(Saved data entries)
....

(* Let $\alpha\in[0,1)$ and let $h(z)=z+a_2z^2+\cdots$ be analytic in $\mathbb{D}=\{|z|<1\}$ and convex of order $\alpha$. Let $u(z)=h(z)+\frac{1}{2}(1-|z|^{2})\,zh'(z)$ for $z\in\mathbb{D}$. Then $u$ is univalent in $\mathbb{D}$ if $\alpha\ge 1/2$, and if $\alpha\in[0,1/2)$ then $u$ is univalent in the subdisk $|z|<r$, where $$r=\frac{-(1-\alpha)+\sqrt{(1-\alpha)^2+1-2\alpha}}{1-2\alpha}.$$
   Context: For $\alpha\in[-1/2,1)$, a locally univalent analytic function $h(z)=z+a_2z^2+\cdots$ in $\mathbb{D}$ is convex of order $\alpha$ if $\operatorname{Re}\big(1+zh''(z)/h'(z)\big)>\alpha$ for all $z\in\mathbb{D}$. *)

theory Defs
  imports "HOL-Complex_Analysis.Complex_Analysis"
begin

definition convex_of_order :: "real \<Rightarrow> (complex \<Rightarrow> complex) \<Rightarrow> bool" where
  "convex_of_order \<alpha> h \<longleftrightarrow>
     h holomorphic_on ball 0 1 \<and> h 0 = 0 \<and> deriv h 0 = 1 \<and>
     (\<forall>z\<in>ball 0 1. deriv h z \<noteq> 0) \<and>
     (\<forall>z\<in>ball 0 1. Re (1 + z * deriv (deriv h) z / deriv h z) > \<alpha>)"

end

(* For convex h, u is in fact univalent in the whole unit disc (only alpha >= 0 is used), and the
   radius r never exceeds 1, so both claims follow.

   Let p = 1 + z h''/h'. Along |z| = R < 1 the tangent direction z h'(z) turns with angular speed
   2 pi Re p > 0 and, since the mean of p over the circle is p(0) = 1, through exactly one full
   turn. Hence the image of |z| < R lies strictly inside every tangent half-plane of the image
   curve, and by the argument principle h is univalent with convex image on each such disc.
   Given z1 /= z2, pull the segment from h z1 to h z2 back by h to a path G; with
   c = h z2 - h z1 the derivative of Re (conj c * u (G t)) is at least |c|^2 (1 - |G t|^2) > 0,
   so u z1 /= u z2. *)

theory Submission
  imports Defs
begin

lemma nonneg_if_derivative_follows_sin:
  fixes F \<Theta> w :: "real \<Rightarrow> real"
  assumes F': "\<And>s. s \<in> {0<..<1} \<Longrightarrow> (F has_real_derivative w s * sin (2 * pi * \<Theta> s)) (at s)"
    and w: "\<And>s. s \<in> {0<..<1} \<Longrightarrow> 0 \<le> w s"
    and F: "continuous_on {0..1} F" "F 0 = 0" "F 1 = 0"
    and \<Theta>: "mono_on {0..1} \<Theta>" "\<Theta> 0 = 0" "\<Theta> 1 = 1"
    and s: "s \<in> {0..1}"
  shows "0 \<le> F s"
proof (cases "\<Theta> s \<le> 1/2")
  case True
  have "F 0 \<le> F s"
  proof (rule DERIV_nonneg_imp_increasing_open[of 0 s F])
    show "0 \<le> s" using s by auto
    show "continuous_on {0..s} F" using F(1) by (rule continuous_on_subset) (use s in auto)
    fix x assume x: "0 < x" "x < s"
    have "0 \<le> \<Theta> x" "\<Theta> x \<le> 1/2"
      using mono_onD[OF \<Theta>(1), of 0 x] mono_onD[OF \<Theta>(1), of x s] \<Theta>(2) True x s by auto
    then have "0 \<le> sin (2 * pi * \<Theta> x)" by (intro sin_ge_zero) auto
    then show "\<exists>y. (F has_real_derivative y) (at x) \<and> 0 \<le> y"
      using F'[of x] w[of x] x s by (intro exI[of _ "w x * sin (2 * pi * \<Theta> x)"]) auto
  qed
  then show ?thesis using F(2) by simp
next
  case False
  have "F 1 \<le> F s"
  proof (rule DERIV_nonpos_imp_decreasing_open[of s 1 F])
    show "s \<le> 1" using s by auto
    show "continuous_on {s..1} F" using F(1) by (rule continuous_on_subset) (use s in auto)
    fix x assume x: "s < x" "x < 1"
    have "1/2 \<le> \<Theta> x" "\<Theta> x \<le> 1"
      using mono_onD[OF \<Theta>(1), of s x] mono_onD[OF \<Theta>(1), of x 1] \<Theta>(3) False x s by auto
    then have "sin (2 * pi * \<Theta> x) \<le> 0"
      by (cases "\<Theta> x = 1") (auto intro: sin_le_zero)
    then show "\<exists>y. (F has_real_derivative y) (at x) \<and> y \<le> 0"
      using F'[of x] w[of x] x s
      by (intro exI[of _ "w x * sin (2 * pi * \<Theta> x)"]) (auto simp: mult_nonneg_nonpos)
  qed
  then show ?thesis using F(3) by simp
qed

....

§ **GOAL OF THE EXERCISE**
Your reply must contain exactly the lines from the first line of the data through the line holding "Let p = 1 +", and nothing more.

§ **COMPLETED EXERCISE**
(* Let $\alpha\in[0,1)$ and let $h(z)=z+a_2z^2+\cdots$ be analytic in $\mathbb{D}=\{|z|<1\}$ and convex of order $\alpha$. Let $u(z)=h(z)+\frac{1}{2}(1-|z|^{2})\,zh'(z)$ for $z\in\mathbb{D}$. Then $u$ is univalent in $\mathbb{D}$ if $\alpha\ge 1/2$, and if $\alpha\in[0,1/2)$ then $u$ is univalent in the subdisk $|z|<r$, where $$r=\frac{-(1-\alpha)+\sqrt{(1-\alpha)^2+1-2\alpha}}{1-2\alpha}.$$
   Context: For $\alpha\in[-1/2,1)$, a locally univalent analytic function $h(z)=z+a_2z^2+\cdots$ in $\mathbb{D}$ is convex of order $\alpha$ if $\operatorname{Re}\big(1+zh''(z)/h'(z)\big)>\alpha$ for all $z\in\mathbb{D}$. *)

theory Defs
  imports "HOL-Complex_Analysis.Complex_Analysis"
begin

definition convex_of_order :: "real \<Rightarrow> (complex \<Rightarrow> complex) \<Rightarrow> bool" where
  "convex_of_order \<alpha> h \<longleftrightarrow>
     h holomorphic_on ball 0 1 \<and> h 0 = 0 \<and> deriv h 0 = 1 \<and>
     (\<forall>z\<in>ball 0 1. deriv h z \<noteq> 0) \<and>
     (\<forall>z\<in>ball 0 1. Re (1 + z * deriv (deriv h) z / deriv h z) > \<alpha>)"

end

(* For convex h, u is in fact univalent in the whole unit disc (only alpha >= 0 is used), and the
   radius r never exceeds 1, so both claims follow.

   Let p = 1 + z h''/h'. Along |z| = R < 1 the tangent direction z h'(z) turns with angular speed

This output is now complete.